- _Supplied records_:
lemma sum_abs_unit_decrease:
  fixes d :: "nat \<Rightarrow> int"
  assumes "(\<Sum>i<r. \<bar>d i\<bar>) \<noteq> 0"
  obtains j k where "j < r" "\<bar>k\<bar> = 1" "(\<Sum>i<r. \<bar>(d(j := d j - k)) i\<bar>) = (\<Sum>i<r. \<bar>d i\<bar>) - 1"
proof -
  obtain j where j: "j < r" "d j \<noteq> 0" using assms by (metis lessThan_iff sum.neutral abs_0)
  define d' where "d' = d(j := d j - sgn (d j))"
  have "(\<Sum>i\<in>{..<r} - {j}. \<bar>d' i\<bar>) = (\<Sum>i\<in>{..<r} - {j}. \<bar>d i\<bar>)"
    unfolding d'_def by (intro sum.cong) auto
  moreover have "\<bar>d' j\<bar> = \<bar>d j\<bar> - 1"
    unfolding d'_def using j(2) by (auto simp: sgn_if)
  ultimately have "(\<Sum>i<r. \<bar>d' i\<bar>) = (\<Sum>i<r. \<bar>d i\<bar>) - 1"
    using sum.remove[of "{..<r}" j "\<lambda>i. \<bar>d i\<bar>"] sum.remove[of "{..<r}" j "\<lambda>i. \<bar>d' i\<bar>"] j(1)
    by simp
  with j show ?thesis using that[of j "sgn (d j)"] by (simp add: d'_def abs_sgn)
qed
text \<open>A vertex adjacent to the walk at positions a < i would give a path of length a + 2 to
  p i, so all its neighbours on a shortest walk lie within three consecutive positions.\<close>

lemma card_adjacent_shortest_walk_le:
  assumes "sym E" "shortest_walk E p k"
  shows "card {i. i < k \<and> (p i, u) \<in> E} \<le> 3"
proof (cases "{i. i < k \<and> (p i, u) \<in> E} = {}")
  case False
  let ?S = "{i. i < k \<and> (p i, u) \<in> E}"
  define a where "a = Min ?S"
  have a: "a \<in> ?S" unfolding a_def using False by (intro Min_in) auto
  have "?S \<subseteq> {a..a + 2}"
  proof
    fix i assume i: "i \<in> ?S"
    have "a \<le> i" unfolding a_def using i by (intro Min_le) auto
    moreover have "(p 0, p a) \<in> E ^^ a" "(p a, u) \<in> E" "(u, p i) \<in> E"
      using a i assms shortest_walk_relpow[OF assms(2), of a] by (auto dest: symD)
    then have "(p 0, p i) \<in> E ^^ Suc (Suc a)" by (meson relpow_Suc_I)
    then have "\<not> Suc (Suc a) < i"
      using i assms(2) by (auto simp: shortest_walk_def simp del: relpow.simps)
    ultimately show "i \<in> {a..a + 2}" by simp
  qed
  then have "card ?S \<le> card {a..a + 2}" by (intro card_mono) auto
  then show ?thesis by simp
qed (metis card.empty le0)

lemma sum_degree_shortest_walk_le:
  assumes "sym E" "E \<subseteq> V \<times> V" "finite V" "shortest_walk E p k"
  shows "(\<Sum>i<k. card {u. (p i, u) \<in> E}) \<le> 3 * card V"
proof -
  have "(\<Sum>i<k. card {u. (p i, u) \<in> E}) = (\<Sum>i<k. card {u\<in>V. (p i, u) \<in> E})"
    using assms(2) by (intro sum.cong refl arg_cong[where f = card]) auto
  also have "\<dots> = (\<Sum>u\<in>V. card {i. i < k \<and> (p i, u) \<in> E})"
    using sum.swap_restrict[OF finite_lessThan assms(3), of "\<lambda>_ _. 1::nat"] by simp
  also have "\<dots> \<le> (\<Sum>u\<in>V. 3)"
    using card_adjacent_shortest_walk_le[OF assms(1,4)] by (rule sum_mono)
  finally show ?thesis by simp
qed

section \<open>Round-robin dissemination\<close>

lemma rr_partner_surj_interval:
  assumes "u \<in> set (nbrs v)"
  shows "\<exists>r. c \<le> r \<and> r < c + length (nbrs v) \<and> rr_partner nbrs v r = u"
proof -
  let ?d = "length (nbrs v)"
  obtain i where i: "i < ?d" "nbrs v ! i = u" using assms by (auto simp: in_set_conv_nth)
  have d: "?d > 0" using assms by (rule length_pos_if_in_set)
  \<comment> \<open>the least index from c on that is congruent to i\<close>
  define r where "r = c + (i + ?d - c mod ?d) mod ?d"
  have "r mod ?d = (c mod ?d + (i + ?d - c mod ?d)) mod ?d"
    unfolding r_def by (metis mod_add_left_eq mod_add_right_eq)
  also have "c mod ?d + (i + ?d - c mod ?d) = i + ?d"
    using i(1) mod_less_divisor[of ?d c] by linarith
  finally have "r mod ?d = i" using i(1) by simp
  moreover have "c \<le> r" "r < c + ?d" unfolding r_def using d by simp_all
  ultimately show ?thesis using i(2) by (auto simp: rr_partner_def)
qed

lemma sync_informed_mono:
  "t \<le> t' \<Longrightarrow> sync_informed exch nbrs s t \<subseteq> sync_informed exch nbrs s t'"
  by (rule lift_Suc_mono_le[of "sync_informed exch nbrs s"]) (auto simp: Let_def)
---
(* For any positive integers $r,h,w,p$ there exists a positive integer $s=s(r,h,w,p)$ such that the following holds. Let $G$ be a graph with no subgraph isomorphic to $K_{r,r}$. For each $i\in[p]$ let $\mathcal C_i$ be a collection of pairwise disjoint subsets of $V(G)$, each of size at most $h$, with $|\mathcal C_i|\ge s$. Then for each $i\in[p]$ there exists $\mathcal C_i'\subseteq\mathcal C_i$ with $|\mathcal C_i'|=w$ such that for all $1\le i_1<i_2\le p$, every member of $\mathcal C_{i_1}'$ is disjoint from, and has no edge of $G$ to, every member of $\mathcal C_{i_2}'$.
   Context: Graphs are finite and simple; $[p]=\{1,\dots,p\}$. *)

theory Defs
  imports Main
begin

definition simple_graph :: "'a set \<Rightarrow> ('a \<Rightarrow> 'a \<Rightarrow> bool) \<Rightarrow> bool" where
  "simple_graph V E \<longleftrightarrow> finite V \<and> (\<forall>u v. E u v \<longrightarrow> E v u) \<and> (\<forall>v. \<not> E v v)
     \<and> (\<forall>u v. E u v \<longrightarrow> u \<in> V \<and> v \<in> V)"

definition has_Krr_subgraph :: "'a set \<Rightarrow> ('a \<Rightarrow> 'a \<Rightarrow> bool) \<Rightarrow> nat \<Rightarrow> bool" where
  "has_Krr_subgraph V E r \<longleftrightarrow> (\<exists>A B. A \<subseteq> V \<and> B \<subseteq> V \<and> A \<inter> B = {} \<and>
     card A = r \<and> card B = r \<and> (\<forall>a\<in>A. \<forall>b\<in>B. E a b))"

- _Action item_:
Would you print, exactly as written, every line above from the one holding "by (rule length_pos_if_in_set)" through the one holding "i(1) by simp", with both included and no other lines?

- _Problem solution_:
  have d: "?d > 0" using assms by (rule length_pos_if_in_set)
  \<comment> \<open>the least index from c on that is congruent to i\<close>
  define r where "r = c + (i + ?d - c mod ?d) mod ?d"
  have "r mod ?d = (c mod ?d + (i + ?d - c mod ?d)) mod ?d"
    unfolding r_def by (metis mod_add_left_eq mod_add_right_eq)
  also have "c mod ?d + (i + ?d - c mod ?d) = i + ?d"
    using i(1) mod_less_divisor[of ?d c] by linarith
  finally have "r mod ?d = i" using i(1) by simp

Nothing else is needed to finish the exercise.